Are we sure about our decisions at the age of 8?

An experiment will test the metacognitive abilities of children in Years 3, 4 and 5 of primary school
Are we sure of our decisions at the age of 8? The Basque Centre on Cognition, Brain and Language (BCBL) has started the academic year at its JuniorLab laboratory, located at the Carmelitas Sagrado Corazón School in Vitoria, with new research projects that seek, on the one hand, to increase knowledge about metacognition, the ability to reflect on our mental processes, in children.
Pupils in Years 3, 4 and 5 of primary education will participate until December in a behavioural experiment consisting of a simple visual discrimination task to observe their metacognitive ability.

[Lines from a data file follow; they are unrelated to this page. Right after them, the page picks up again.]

text \<open>Pin sequence (0-indexed list; index i here is p_(i+1) of the paper).\<close>
definition pin_seq :: "pin list \<Rightarrow> bool" where
  "pin_seq ps \<longleftrightarrow> distinct (map fst ps) \<and> distinct (map snd ps) \<and>
     (\<forall>i. 1 \<le> i \<and> i < length ps \<longrightarrow>
        \<not> in_bbox (ps ! i) (set (take i ps)) \<and>
        (separates (ps ! i) {ps ! (i - 1)} (set (take (i - 1) ps)) \<or>
         independent (ps ! i) (set (take i ps))))"

datatype letter = N1 | N2 | N3 | N4 | U | D | L | R

definition is_numeral :: "letter \<Rightarrow> bool" where
  "is_numeral c \<longleftrightarrow> c \<in> {N1, N2, N3, N4}"

definition is_dir :: "letter \<Rightarrow> bool" where
  "is_dir c \<longleftrightarrow> c \<in> {U, D, L, R}"

definition above :: "pin \<Rightarrow> pin set \<Rightarrow> bool" where
  "above p S \<longleftrightarrow> Min (fst ` S) \<le> fst p \<and> fst p \<le> Max (fst ` S) \<and> Max (snd ` S) < snd p"
definition below :: "pin \<Rightarrow> pin set \<Rightarrow> bool" where
  "below p S \<longleftrightarrow> Min (fst ` S) \<le> fst p \<and> fst p \<le> Max (fst ` S) \<and> snd p < Min (snd ` S)"
definition left_of :: "pin \<Rightarrow> pin set \<Rightarrow> bool" where
  "left_of p S \<longleftrightarrow> Min (snd ` S) \<le> snd p \<and> snd p \<le> Max (snd ` S) \<and> fst p < Min (fst ` S)"
definition right_of :: "pin \<Rightarrow> pin set \<Rightarrow> bool" where
  "right_of p S \<longleftrightarrow> Min (snd ` S) \<le> snd p \<and> snd p \<le> Max (snd ` S) \<and> Max (fst ` S) < fst p"

definition enc_ok :: "pin list \<Rightarrow> pin \<Rightarrow> letter \<Rightarrow> bool" where
  "enc_ok pre p c \<longleftrightarrow>
     (let S = set pre; sp = separates p {last pre} (set (butlast pre)); ind = independent p S in
      case c of
        U \<Rightarrow> sp \<and> above p S
      | D \<Rightarrow> sp \<and> below p S
      | L \<Rightarrow> sp \<and> left_of p S
      | R \<Rightarrow> sp \<and> right_of p S
      | N1 \<Rightarrow> ind \<and> Max (fst ` S) < fst p \<and> Max (snd ` S) < snd p
      | N2 \<Rightarrow> ind \<and> fst p < Min (fst ` S) \<and> Max (snd ` S) < snd p
      | N3 \<Rightarrow> ind \<and> fst p < Min (fst ` S) \<and> snd p < Min (snd ` S)
      | N4 \<Rightarrow> ind \<and> Max (fst ` S) < fst p \<and> snd p < Min (snd ` S))"

definition corresponds :: "letter list \<Rightarrow> nat list \<Rightarrow> bool" where
  "corresponds w s \<longleftrightarrow> is_perm s \<and>
     (\<exists>p0 ps. length ps = length w \<and> pin_seq ps \<and> pin_seq (p0 # ps) \<and>
        order_iso (set ps) (diagram s) \<and>
        (\<forall>i < length w. enc_ok (take (i + 1) (p0 # ps)) (ps ! i) (w ! i)))"

definition strict_word :: "letter list \<Rightarrow> bool" where
  "strict_word w \<longleftrightarrow> length w \<ge> 2 \<and> is_numeral (w ! 0) \<and> (\<forall>c \<in> set (drop 1 w). is_dir c)"

definition quasi_strict_word :: "letter list \<Rightarrow> bool" where
  "quasi_strict_word w \<longleftrightarrow> length w \<ge> 2 \<and> is_numeral (w ! 0) \<and> is_numeral (w ! 1) \<and>
     (\<forall>c \<in> set (drop 2 w). is_dir c)"

fun varphi :: "letter \<Rightarrow> letter \<Rightarrow> letter list" where
  "varphi N1 R = [R, U, R]" | "varphi N2 R = [L, U, R]" | "varphi N3 R = [L, D, R]" | "varphi N4 R = [R, D, R]"
| "varphi N1 L = [R, U, L]" | "varphi N2 L = [L, U, L]" | "varphi N3 L = [L, D, L]" | "varphi N4 L = [R, D, L]"
| "varphi N1 U = [U, R, U]" | "varphi N2 U = [U, L, U]" | "varphi N3 U = [D, L, U]" | "varphi N4 U = [D, R, U]"
| "varphi N1 D = [U, R, D]" | "varphi N2 D = [U, L, D]" | "varphi N3 D = [D, L, D]" | "varphi N4 D = [D, R, D]"
| "varphi _ _ = []"

fun phi :: "letter list \<Rightarrow> letter list" where
  "phi (a # b # rest) = varphi a b @ rest"
| "phi _ = []"

fun Phi :: "letter list \<Rightarrow> letter list set" where
  "Phi [N1] = {[U, R], [R, U]}"
| "Phi [N2] = {[U, L], [L, U]}"
| "Phi [N3] = {[D, L], [L, D]}"
| "Phi [N4] = {[R, D], [D, R]}"
| "Phi (a # b # rest) = {phi (a # b # rest)}"
| "Phi _ = {}"

end

theory Submission
  imports Defs
begin

text \<open>In a realization of a pin word, whether an earlier pin lies to the left of (below) pin k
  depends only on the letters encoding pins k - 1 and k and on whether the earlier pin is pin k - 1:
  a numeral or a horizontal direction puts pin k beyond all earlier pins, while a vertical direction
  puts it horizontally between pin k - 1 and all earlier pins, on the side decided by the previous
  letter.  The map phi replaces the two leading numerals of u by three direction letters carrying
  the same information.  Hence if phi(u_2 ... u_m) occurs in phi(w) at position p \<ge> 3, the pin
  of a realization of w just before the occurrence, together with the pins of the occurrence
  except its first one, lie relative to each other exactly as the pins of a realization of u:
  they form an occurrence of pi in sigma.  Reflection in the diagonal reduces the vertical
  statements to the horizontal ones.\<close>

definition moves_right :: "letter \<Rightarrow> bool" where
  "moves_right c \<longleftrightarrow> c \<in> {N1, N4, R}"

definition moves_left :: "letter \<Rightarrow> bool" where
  "moves_left c \<longleftrightarrow> c \<in> {N2, N3, L}"

lemma letter_horizontal_cases: "moves_right c \<or> moves_left c \<or> c \<in> {U, D}"
  by (cases c) (simp_all add: moves_right_def moves_left_def)

fun transpose_letter :: "letter \<Rightarrow> letter" where
  "transpose_letter N1 = N1" | "transpose_letter N2 = N4" | "transpose_letter N3 = N3"
| "transpose_letter N4 = N2" | "transpose_letter U = R" | "transpose_letter R = U"
| "transpose_letter D = L" | "transpose_letter L = D"

lemma is_numeral_transpose_letter: "is_numeral (transpose_letter c) \<longleftrightarrow> is_numeral c"
  by (cases c) (simp_all add: is_numeral_def)

lemma enc_ok_moves_right: "enc_ok pre p c \<Longrightarrow> moves_right c \<Longrightarrow> Max (fst ` set pre) < fst p"
  by (cases c) (auto simp: moves_right_def enc_ok_def Let_def right_of_def)

lemma enc_ok_moves_left: "enc_ok pre p c \<Longrightarrow> moves_left c \<Longrightarrow> fst p < Min (fst ` set pre)"
  by (cases c) (auto simp: moves_left_def enc_ok_def Let_def left_of_def)

lemma enc_ok_vertical:
  "enc_ok pre p c \<Longrightarrow> c \<in> {U, D} \<Longrightarrow> Max (snd ` set pre) < snd p \<or> snd p < Min (snd ` set pre)"
  by (auto simp: enc_ok_def Let_def above_def below_def)

lemma enc_ok_direction_separates:
  "enc_ok pre p c \<Longrightarrow> is_dir c \<Longrightarrow> separates p {last pre} (set (butlast pre))"
  by (cases c) (auto simp: is_dir_def enc_ok_def Let_def)

lemma separates_swap:
  "separates (prod.swap p) (prod.swap ` A) (prod.swap ` B) \<longleftrightarrow> separates p A B"
  by (auto simp: separates_def sep_h_def sep_v_def)

lemma in_bbox_swap: "in_bbox (prod.swap p) (prod.swap ` S) \<longleftrightarrow> in_bbox p S"
  by (auto simp: in_bbox_def image_image)

lemma independent_swap:
  assumes "independent p S"
  shows "independent (prod.swap p) (prod.swap ` S)"
  unfolding independent_def in_bbox_swap
proof (intro conjI notI)
  show "in_bbox p S \<Longrightarrow> False" using assms by (simp add: independent_def)
next
  assume "\<exists>A B. A \<noteq> {} \<and> B \<noteq> {} \<and> A \<union> B = prod.swap ` S \<and> A \<inter> B = {} \<and>
    separates (prod.swap p) A B"
  then obtain A B where ne: "A \<noteq> {}" "B \<noteq> {}" and cover: "A \<union> B = prod.swap ` S"
    and disj: "A \<inter> B = {}" and sep: "separates (prod.swap p) A B" by blast
  have inv: "prod.swap ` prod.swap ` X = X" for X :: "pin set"
    by (simp add: image_image)
  have "prod.swap ` A \<union> prod.swap ` B = S"
    using cover by (metis image_Un inv)
  moreover have "prod.swap ` A \<inter> prod.swap ` B = {}"
    using disj by (metis image_Int image_empty inj_swap)
  moreover have "separates p (prod.swap ` A) (prod.swap ` B)"
    using sep separates_swap[of p "prod.swap ` A" "prod.swap ` B"] by (simp only: inv)
  moreover have "prod.swap ` A \<noteq> {}" "prod.swap ` B \<noteq> {}"
    using ne by simp_all
  ultimately have "\<exists>A B. A \<noteq> {} \<and> B \<noteq> {} \<and> A \<union> B = S \<and> A \<inter> B = {} \<and> separates p A B"
    by (intro exI[of _ "prod.swap ` A"] exI[of _ "prod.swap ` B"] conjI)
  then show False using assms unfolding independent_def by blast
qed

lemma enc_ok_transpose:
  assumes "enc_ok pre p c" "pre \<noteq> []"
  shows "enc_ok (map prod.swap pre) (prod.swap p) (transpose_letter c)"
proof -
  have set_swap: "set (map prod.swap pre) = prod.swap ` set pre" by simp
  have sep: "separates (prod.swap p) {last (map prod.swap pre)} (set (butlast (map prod.swap pre)))
      \<longleftrightarrow> separates p {last pre} (set (butlast pre))"
    using assms(2) separates_swap[of p "{last pre}" "set (butlast pre)"]
    by (simp add: last_map flip: map_butlast)
  have ind: "independent p (set pre) \<Longrightarrow> independent (prod.swap p) (set (map prod.swap pre))"
    using independent_swap by simp
  have coords: "fst ` prod.swap ` S = snd ` S" "snd ` prod.swap ` S = fst ` S" for S :: "pin set"
    by (simp_all add: image_image)
  show ?thesis
    using assms(1) ind
    by (cases c) (simp_all only: enc_ok_def Let_def sep set_swap coords above_def below_def
        left_of_def right_of_def transpose_letter.simps letter.case fst_swap snd_swap)
qed

section \<open>Realizations of pin words\<close>

text \<open>Q ! 0 is the origin p_0 and Q ! k, for k \<ge> 1, is the pin encoded by w ! (k - 1).\<close>

definition realizes :: "pin list \<Rightarrow> letter list \<Rightarrow> bool" where
  "realizes Q w \<longleftrightarrow> distinct (map fst Q) \<and> distinct (map snd Q) \<and> length Q = length w + 1 \<and>
     is_numeral (w ! 0) \<and> (\<forall>k. 1 \<le> k \<and> k \<le> length w \<longrightarrow> enc_ok (take k Q) (Q ! k) (w ! (k - 1)))"

lemma realizes_enc_ok:
  "realizes Q w \<Longrightarrow> 1 \<le> k \<Longrightarrow> k \<le> length w \<Longrightarrow> enc_ok (take k Q) (Q ! k) (w ! (k - 1))"
  by (simp add: realizes_def)

lemma realizes_length: "realizes Q w \<Longrightarrow> length Q = length w + 1"
  by (simp add: realizes_def)

lemma realizes_transpose:
  assumes "realizes Q w"
  shows "realizes (map prod.swap Q) (map transpose_letter w)"
  unfolding realizes_def
proof (intro conjI allI impI)
  show "distinct (map fst (map prod.swap Q))" "distinct (map snd (map prod.swap Q))"
    using assms by (simp_all add: realizes_def comp_def)
  show "length (map prod.swap Q) = length (map transpose_letter w) + 1"
    using assms by (simp add: realizes_def)
  show "is_numeral (map transpose_letter w ! 0)"
    using assms by (cases w) (simp_all add: realizes_def is_numeral_transpose_letter)
next
  fix k assume k: "1 \<le> k \<and> k \<le> length (map transpose_letter w)"
  then have "take k Q \<noteq> []" "k < length Q" "k - 1 < length w"
    using realizes_length[OF assms] by auto
  moreover have "enc_ok (take k Q) (Q ! k) (w ! (k - 1))"
    using realizes_enc_ok[OF assms] k by simp
  ultimately show "enc_ok (take k (map prod.swap Q)) (map prod.swap Q ! k) (map transpose_letter w ! (k - 1))"
    using enc_ok_transpose by (simp add: take_map)
qed

lemma corresponds_realizes:
  assumes "corresponds w s" "is_numeral (w ! 0)"
  obtains p0 ps where "length ps = length w" "order_iso (set ps) (diagram s)" "realizes (p0 # ps) w"
proof -
  obtain p0 ps where len: "length ps = length w" and seq: "pin_seq (p0 # ps)"
    and iso: "order_iso (set ps) (diagram s)"
    and enc: "\<forall>i < length w. enc_ok (take (i + 1) (p0 # ps)) (ps ! i) (w ! i)"
    using assms(1) unfolding corresponds_def by blast
  have "enc_ok (take k (p0 # ps)) ((p0 # ps) ! k) (w ! (k - 1))" if "1 \<le> k" "k \<le> length w" for k
    using enc that by (cases k) auto
  then have "realizes (p0 # ps) w"
    using len seq assms(2) unfolding realizes_def pin_seq_def by simp
  then show thesis using that len iso by blast
qed

lemma pin_mem_take: "a < k \<Longrightarrow> a < length Q \<Longrightarrow> Q ! a \<in> set (take k Q)"
  by (metis in_set_conv_nth length_take min_less_iff_conj nth_take)

lemma realizes_moves_right:
  assumes "realizes Q w" "1 \<le> k" "k \<le> length w" "moves_right (w ! (k - 1))" "a < k"
  shows "fst (Q ! a) < fst (Q ! k)"
proof -
  have "Q ! a \<in> set (take k Q)"
    using assms(3,5) realizes_length[OF assms(1)] by (simp add: pin_mem_take)
  then have "fst (Q ! a) \<le> Max (fst ` set (take k Q))" by simp
  also have "\<dots> < fst (Q ! k)"
    using enc_ok_moves_right realizes_enc_ok assms(1-4) by blast
  finally show ?thesis .
qed

lemma realizes_moves_left:
  assumes "realizes Q w" "1 \<le> k" "k \<le> length w" "moves_left (w ! (k - 1))" "a < k"
  shows "fst (Q ! k) < fst (Q ! a)"
proof -
  have "Q ! a \<in> set (take k Q)"
    using assms(3,5) realizes_length[OF assms(1)] by (simp add: pin_mem_take)
  have "fst (Q ! k) < Min (fst ` set (take k Q))"
    using enc_ok_moves_left realizes_enc_ok assms(1-4) by blast
  also have "\<dots> \<le> fst (Q ! a)" using \<open>Q ! a \<in> set (take k Q)\<close> by simp
  finally show ?thesis .
qed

‘On a computer screen, students will have to identify whether a figure has lines oriented to the left or to the right. First, they will perform the task alone, then in pairs, and finally alone again. We will ask the children to rate their level of confidence in each decision, which is a key measure of metacognition,’ explains Francisca Campos Matías, a researcher with the BCBL’s Consciousness group.
This quality can have important educational benefits such as greater autonomous learning, improved academic performance, and the ability to apply what has been learned to new situations.
‘It helps us, for example, to recognise that we have made a mistake, to realise that we have forgotten something important, or to appreciate the confidence we have in our own knowledge. Our ultimate goal is to see if we can train this metacognition and promote better learning,’ adds the researcher.